January 30, 2018 Source: acrabstracts.org 498
Immune checkpoint inhibitors have revolutionized the treatment of advanced malignancies. By blocking T-cell inhibition these drugs result in immune targeting of tumor cells and normal tissue. As such, their main toxicity is inducing immune-mediated tissue damage. Patients with preexisting rheumatologic diseases were excluded from the clinical trials for these agents, and little is known about the safety, efficacy, or risk for disease flares in these patients.
A retrospective medical record review was performed to identify all patients who received checkpoint inhibitor therapy at Mayo Clinic, Rochester between 2011 and 2016. Those with preexisting rheumatologic disease were identified using specific diagnostic codes.
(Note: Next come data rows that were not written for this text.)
lemma prime_ideal_maxid: "prime_ideal t (maxid t :: 'k::field mpoly set)"
  unfolding prime_ideal_def proper_ideal_def
proof (intro conjI ballI impI)
  show "is_ideal t (maxid t :: 'k mpoly set)"
    unfolding maxid_def by (rule is_ideal_ideal_gen_monomials) (use is_monom_varpow in blast)
  have "(1 :: 'k mpoly) \<in> polyring t" "(1 :: 'k mpoly) \<notin> maxid t"
    by (simp_all add: polyring_def maxid_eq)
  then show "maxid t \<noteq> (polyring t :: 'k mpoly set)" by blast
qed (auto simp: maxid_eq lookup_mult_zero)

subsection \<open>Socle monomials\<close>

lemma colon_socle_monom_eq_maxid:
  assumes G: "\<forall>g\<in>G. is_monom t g" and w: "w \<in> socle_monoms t G"
  shows "colon t (ideal_gen t G) (monomial w) = maxid t"
proof -
  have wt: "Poly_Mapping.keys w \<subseteq> {..<t}" and "w \<notin> monom_multiples G"
    and socle: "\<forall>i<t. w + Poly_Mapping.single i 1 \<in> monom_multiples G"
    using w by (auto simp: socle_monoms_def standard_monoms_def)
  have multiple_iff: "m + w \<in> monom_multiples G \<longleftrightarrow> m \<noteq> 0" if m: "Poly_Mapping.keys m \<subseteq> {..<t}" for m
  proof
    assume "m \<noteq> 0"
    then obtain i where i: "i < t" "0 < Poly_Mapping.lookup m i" using monom_ne_0_iff[OF m] by blast
    show "m + w \<in> monom_multiples G"
    proof (rule monom_multiples_mono)
      show "w + Poly_Mapping.single i 1 \<in> monom_multiples G" using socle i(1) by blast
      show "\<forall>j. Poly_Mapping.lookup (w + Poly_Mapping.single i 1) j \<le> Poly_Mapping.lookup (m + w) j"
        using i(2) by (simp add: lookup_add lookup_single when_def)
    qed
  qed (use \<open>w \<notin> monom_multiples G\<close> in auto)
  have "g * monomial w \<in> ideal_gen t G \<longleftrightarrow> Poly_Mapping.lookup g 0 = 0" if g: "g \<in> polyring t" for g
  proof -
    have "g * monomial w \<in> polyring t" using polyring_mult[OF g monomial_in_polyring[OF wt]] .
    then have "g * monomial w \<in> ideal_gen t G \<longleftrightarrow> (\<forall>m\<in>Poly_Mapping.keys g. m + w \<in> monom_multiples G)"
      by (auto simp: ideal_gen_monomials[OF G] keys_mult_monomial)
    also have "\<dots> \<longleftrightarrow> (\<forall>m\<in>Poly_Mapping.keys g. m \<noteq> 0)"
      using g multiple_iff by (intro ball_cong refl) (auto simp: polyring_def)
    also have "\<dots> \<longleftrightarrow> Poly_Mapping.lookup g 0 = 0" by (auto simp: in_keys_iff)
    finally show ?thesis .
  qed
  then show ?thesis unfolding colon_def maxid_eq by auto
qed

lemma maxid_in_Ass_if_socle_monom:
  assumes "\<forall>g\<in>G. is_monom t g" and w: "w \<in> socle_monoms t G"
  shows "maxid t \<in> Ass t (ideal_gen t G)"
proof -
  have "monomial w \<in> polyring t"
    using w by (simp add: socle_monoms_def standard_monoms_def monomial_in_polyring)
  then show ?thesis
    using colon_socle_monom_eq_maxid[OF assms] prime_ideal_maxid unfolding Ass_def by blast
qed

lemma v_number_le: "f \<in> homog t k \<Longrightarrow> P \<in> Ass t I \<Longrightarrow> colon t I f = P \<Longrightarrow> v_number t I \<le> k"
  unfolding v_number_def by (rule Least_le) blast

lemma v_number_attained:
  assumes "f \<in> homog t k" "P \<in> Ass t I" "colon t I f = P"
  obtains f' P' where "f' \<in> homog t (v_number t I)" "P' \<in> Ass t I" "colon t I f' = P'"
  using LeastI[of "\<lambda>k. \<exists>f\<in>homog t k. \<exists>P\<in>Ass t I. colon t I f = P" k] assms
  unfolding v_number_def by blast

lemma v_number_le_socle_degree:
  assumes "\<forall>g\<in>G. is_monom t g" and w: "w \<in> socle_monoms t G"
  shows "v_number t (ideal_gen t G) \<le> tdeg w"
proof (rule v_number_le)
  show "monomial w \<in> homog t (tdeg w)"
    using w by (simp add: socle_monoms_def standard_monoms_def monomial_in_homog)
qed (use colon_socle_monom_eq_maxid[OF assms] maxid_in_Ass_if_socle_monom[OF assms] in auto)

lemma ex_socle_monom:
  assumes "u \<in> standard_monoms t G" and "\<forall>m\<in>standard_monoms t G. tdeg m < n"
  obtains w where "w \<in> socle_monoms t G"
proof -
  obtain w where w: "w \<in> standard_monoms t G" and max: "\<forall>m\<in>standard_monoms t G. tdeg m \<le> tdeg w"
    using Lattices_Big.ex_has_greatest_nat[of "\<lambda>m. m \<in> standard_monoms t G" u tdeg n] assms by blast
  have "w + Poly_Mapping.single i 1 \<in> monom_multiples G" if "i < t" for i
  proof (rule ccontr)
    assume "w + Poly_Mapping.single i 1 \<notin> monom_multiples G"
    then have "w + Poly_Mapping.single i 1 \<in> standard_monoms t G"
      using w that by (simp add: standard_monoms_def keys_add_monom)
    then show False using max by (fastforce simp: tdeg_add)
  qed
  with w show ?thesis by (intro that[of w]) (simp add: socle_monoms_def)
qed

subsection \<open>The corner monomial\<close>

definition corner_monom :: "nat \<Rightarrow> (nat \<Rightarrow> nat) \<Rightarrow> monom" where
  "corner_monom t a = Abs_poly_mapping (\<lambda>i. if i < t then a i - 1 else 0)"

lemma lookup_corner_monom: "Poly_Mapping.lookup (corner_monom t a) i = (if i < t then a i - 1 else 0)"
proof -
  have "finite {i. (if i < t then a i - 1 else 0) \<noteq> 0}"
    by (rule finite_subset[of _ "{..<t}"]) auto
  then show ?thesis by (simp add: corner_monom_def)
qed

lemma keys_corner_monom: "Poly_Mapping.keys (corner_monom t a) \<subseteq> {..<t}"
  by (auto simp: in_keys_iff lookup_corner_monom split: if_splits)

lemma tdeg_corner_monom: "tdeg (corner_monom t a) = (\<Sum>i<t. a i - 1)"
  by (simp add: tdeg_eq_sum_lessThan[OF keys_corner_monom] lookup_corner_monom)

lemma corner_monom_above:
  assumes "Poly_Mapping.keys m \<subseteq> {..<t}" and "\<forall>i<t. Poly_Mapping.lookup m i < a i"
  shows "\<forall>i. Poly_Mapping.lookup m i \<le> Poly_Mapping.lookup (corner_monom t a) i"
  using assms by (auto simp: lookup_corner_monom in_keys_iff)

lemma below_corner_monom_strict:
  assumes "Poly_Mapping.keys m \<subseteq> {..<t}" and "\<forall>i<t. Poly_Mapping.lookup m i < a i"
    and "m \<noteq> corner_monom t a"
  obtains i where "i < t" "Poly_Mapping.lookup m i < a i - 1"
proof -
  obtain i where "Poly_Mapping.lookup m i \<noteq> Poly_Mapping.lookup (corner_monom t a) i"
    using assms(3) by (meson poly_mapping_eqI)
  moreover have "Poly_Mapping.lookup m i \<le> Poly_Mapping.lookup (corner_monom t a) i"
    using corner_monom_above[OF assms(1,2)] by blast
  ultimately have "i < t" "Poly_Mapping.lookup m i < a i - 1"
    by (auto simp: lookup_corner_monom split: if_splits)
  then show ?thesis by (rule that)
qed

lemma tdeg_below_corner_monom:
  assumes "Poly_Mapping.keys m \<subseteq> {..<t}" and "\<forall>i<t. Poly_Mapping.lookup m i < a i"
    and "m \<noteq> corner_monom t a"
  shows "tdeg m < tdeg (corner_monom t a)"
proof -
  obtain j where "j < t" "Poly_Mapping.lookup m j < a j - 1"
    using below_corner_monom_strict[OF assms] .
  moreover have "\<forall>i\<in>{..<t}. Poly_Mapping.lookup m i \<le> a i - 1"
    using assms(2) by auto
  ultimately have "(\<Sum>i<t. Poly_Mapping.lookup m i) < (\<Sum>i<t. a i - 1)"
    by (intro sum_strict_mono_ex1) auto
  then show ?thesis by (simp add: tdeg_eq_sum_lessThan[OF assms(1)] tdeg_corner_monom)
qed

subsection \<open>The v-number of a pure power ideal\<close>

lemma standard_monoms_pure_powers:
  "m \<in> standard_monoms t (pure_powers t a :: 'k::field mpoly set) \<longleftrightarrow>
     Poly_Mapping.keys m \<subseteq> {..<t} \<and> (\<forall>i<t. Poly_Mapping.lookup m i < a i)"
  by (auto simp: standard_monoms_def monom_multiples_pure_powers not_le)

lemma pure_powers_colon_degree_ge:
  fixes t :: nat and a :: "nat \<Rightarrow> nat" and f :: "'k::field mpoly"
  defines "J \<equiv> ideal_gen t (pure_powers t a :: 'k mpoly set)"
  assumes f: "f \<in> homog t k" and P: "P \<in> Ass t J" and colon: "colon t J f = P"
  shows "tdeg (corner_monom t a) \<le> k"
proof (rule ccontr)
  assume small: "\<not> ?thesis"
  have J_eq: "J = {p \<in> polyring t. \<forall>m\<in>Poly_Mapping.keys p. \<exists>i<t. a i \<le> Poly_Mapping.lookup m i}"
    unfolding J_def by (auto simp: ideal_gen_monomials[OF is_monom_pure_powers] monom_multiples_pure_powers)
  have prime: "prime_ideal t P" using P by (simp add: Ass_def)
  then have "P \<noteq> polyring t" by (simp add: prime_ideal_def proper_ideal_def)
  then have "f \<notin> J"
    using colon colon_eq_polyring_if_mem[OF is_ideal_ideal_gen_monomials[OF is_monom_pure_powers]]
    unfolding J_def by blast
  have fS: "f \<in> polyring t" using f by (simp add: homog_def)
  obtain c where c: "c \<in> Poly_Mapping.keys f" "\<forall>i<t. Poly_Mapping.lookup c i < a i"
    using \<open>f \<notin> J\<close> fS by (auto simp: J_eq not_le)
  have ct: "Poly_Mapping.keys c \<subseteq> {..<t}" using fS c(1) by (auto simp: polyring_def)
  have "c \<noteq> corner_monom t a" using f c(1) small by (auto simp: homog_def)
  then obtain i where i: "i < t" "Poly_Mapping.lookup c i < a i - 1"
    using below_corner_monom_strict[OF ct c(2)] by blast
  have "f * varpow i 1 \<notin> J"
  proof
    assume "f * varpow i 1 \<in> J"
    moreover have "c + Poly_Mapping.single i 1 \<in> Poly_Mapping.keys (f * varpow i 1)"
      using c(1) by (simp add: varpow_def keys_mult_monomial)
    ultimately obtain j where "j < t" "a j \<le> Poly_Mapping.lookup (c + Poly_Mapping.single i 1) j"
      unfolding J_eq by blast
    then show False using c(2) i by (auto simp: lookup_add lookup_single when_def split: if_splits)
  qed
  then have "varpow i 1 \<notin> P" using colon unfolding colon_def by (auto simp: mult.commute)
  have "\<forall>m\<in>Poly_Mapping.keys (f * varpow i (a i)). a i \<le> Poly_Mapping.lookup m i"
    by (auto simp: varpow_def keys_mult_monomial lookup_add)
  then have "f * varpow i (a i) \<in> J"
    using i(1) polyring_mult[OF fS varpow_in_polyring[OF i(1)]] unfolding J_eq by blast
  then have "varpow i (a i) \<in> P"
    using colon varpow_in_polyring[OF i(1)] unfolding colon_def by (auto simp: mult.commute)
  then show False using prime_ideal_varpow_imp_var[OF prime i(1)] \<open>varpow i 1 \<notin> P\<close> by blast
qed

lemma v_number_pure_powers:
  assumes a: "\<forall>i<t. 0 < a i"
  shows "v_number t (ideal_gen t (pure_powers t a :: 'k::field mpoly set)) = (\<Sum>i<t. a i - 1)"
proof -
  let ?G = "pure_powers t a :: 'k mpoly set"
  let ?c = "corner_monom t a"
  have "?c + Poly_Mapping.single i 1 \<in> monom_multiples ?G" if "i < t" for i
  proof -
    have "a i \<le> Poly_Mapping.lookup (?c + Poly_Mapping.single i 1) i"
      using a that by (simp add: lookup_add lookup_corner_monom)
    then show ?thesis using that by (auto simp: monom_multiples_pure_powers)
  qed
  then have c: "?c \<in> socle_monoms t ?G"
    using a keys_corner_monom
    by (auto simp: socle_monoms_def standard_monoms_pure_powers lookup_corner_monom)
  have le: "v_number t (ideal_gen t ?G) \<le> tdeg ?c"
    by (rule v_number_le_socle_degree[OF is_monom_pure_powers c])
  obtain f P where "f \<in> homog t (v_number t (ideal_gen t ?G))" "P \<in> Ass t (ideal_gen t ?G)"
      "colon t (ideal_gen t ?G) f = P"
    by (rule v_number_attained[OF monomial_in_homog[OF keys_corner_monom]
          maxid_in_Ass_if_socle_monom[OF is_monom_pure_powers c]
          colon_socle_monom_eq_maxid[OF is_monom_pure_powers c]])
  then have "tdeg ?c \<le> v_number t (ideal_gen t ?G)"
    by (rule pure_powers_colon_degree_ge)
  with le show ?thesis by (simp add: tdeg_corner_monom)
qed

lemma v_number_lt_if_pure_powers_psubset:
  assumes G: "\<forall>g\<in>G. is_monom t g" and proper: "ideal_gen t G \<noteq> polyring t"
    and pow: "\<forall>i<t. (varpow i (a i) :: 'k::field mpoly) \<in> ideal_gen t G"
    and ne: "ideal_gen t G \<noteq> ideal_gen t (pure_powers t a)"
  shows "v_number t (ideal_gen t G) < (\<Sum>i<t. a i - 1)"
proof -
  have pow_multiple: "Poly_Mapping.single i (a i) \<in> monom_multiples G" if "i < t" for i
    using pow that by (auto simp: ideal_gen_monomials[OF G] varpow_def)
  have "ideal_gen t (pure_powers t a) \<subseteq> ideal_gen t G"
    using pow by (intro ideal_gen_least is_ideal_ideal_gen_monomials[OF G]) blast
  with ne obtain p where p: "p \<in> ideal_gen t G" "p \<notin> ideal_gen t (pure_powers t a)" by blast
  then obtain c where c: "c \<in> Poly_Mapping.keys p" "c \<in> standard_monoms t (pure_powers t a :: 'k mpoly set)"
    by (auto simp: ideal_gen_monomials[OF G] ideal_gen_monomials[OF is_monom_pure_powers]
        standard_monoms_def polyring_def)
  have "c \<in> monom_multiples G" using p(1) c(1) by (auto simp: ideal_gen_monomials[OF G])
  then have corner: "corner_monom t a \<in> monom_multiples G"
    using c(2) corner_monom_above by (auto simp: standard_monoms_pure_powers intro: monom_multiples_mono)
  have deg: "tdeg m < tdeg (corner_monom t a)" if m: "m \<in> standard_monoms t G" for m
  proof (rule tdeg_below_corner_monom)
    show "\<forall>i<t. Poly_Mapping.lookup m i < a i"
      using m pow_multiple standard_monom_lookup_less by blast
  qed (use m corner in \<open>auto simp: standard_monoms_def\<close>)
  obtain w where w: "w \<in> socle_monoms t G"
    using ex_socle_monom[OF zero_in_standard_monoms[OF G proper]] deg by blast
  have "v_number t (ideal_gen t G) \<le> tdeg w"
    by (rule v_number_le_socle_degree[OF G w])
  also have "\<dots> < (\<Sum>i<t. a i - 1)"
    using deg w by (simp add: socle_monoms_def tdeg_corner_monom)
  finally show ?thesis .
qed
There were 16 patients identified (81% female, mean age 68.3). The most common rheumatologic diseases were rheumatoid arthritis (5), polymyalgia rheumatica (5), Sjogren’s syndrome (2), and systemic lupus erythematosus (2). Seven patients were receiving treatment with immunosuppressive therapy upon starting a checkpoint inhibitor. The primary malignancies were melanoma (10), pulmonary (4), or hematologic (2). In most cases checkpoint inhibitors were offered only after failure of several other therapies. Immune-related adverse events (IRAE) occurred in 6 patients and all were treated successfully with corticosteroids and discontinuation of therapy. Survival was significantly prolonged in patients with an IRAE (17 months vs. 1.4 months [p=0.003]). There were no significant differences in time from cancer diagnosis to immunotherapy, duration of immunotherapy, age, or sex between these groups.
To our knowledge, this represents the largest single-center cohort of patients with rheumatologic diseases who were exposed to cancer immunotherapy. Only a minority of these patients experienced a flare of their preexisting rheumatologic disease or any other IRAE. The presence of an IRAE was associated with significantly prolonged survival.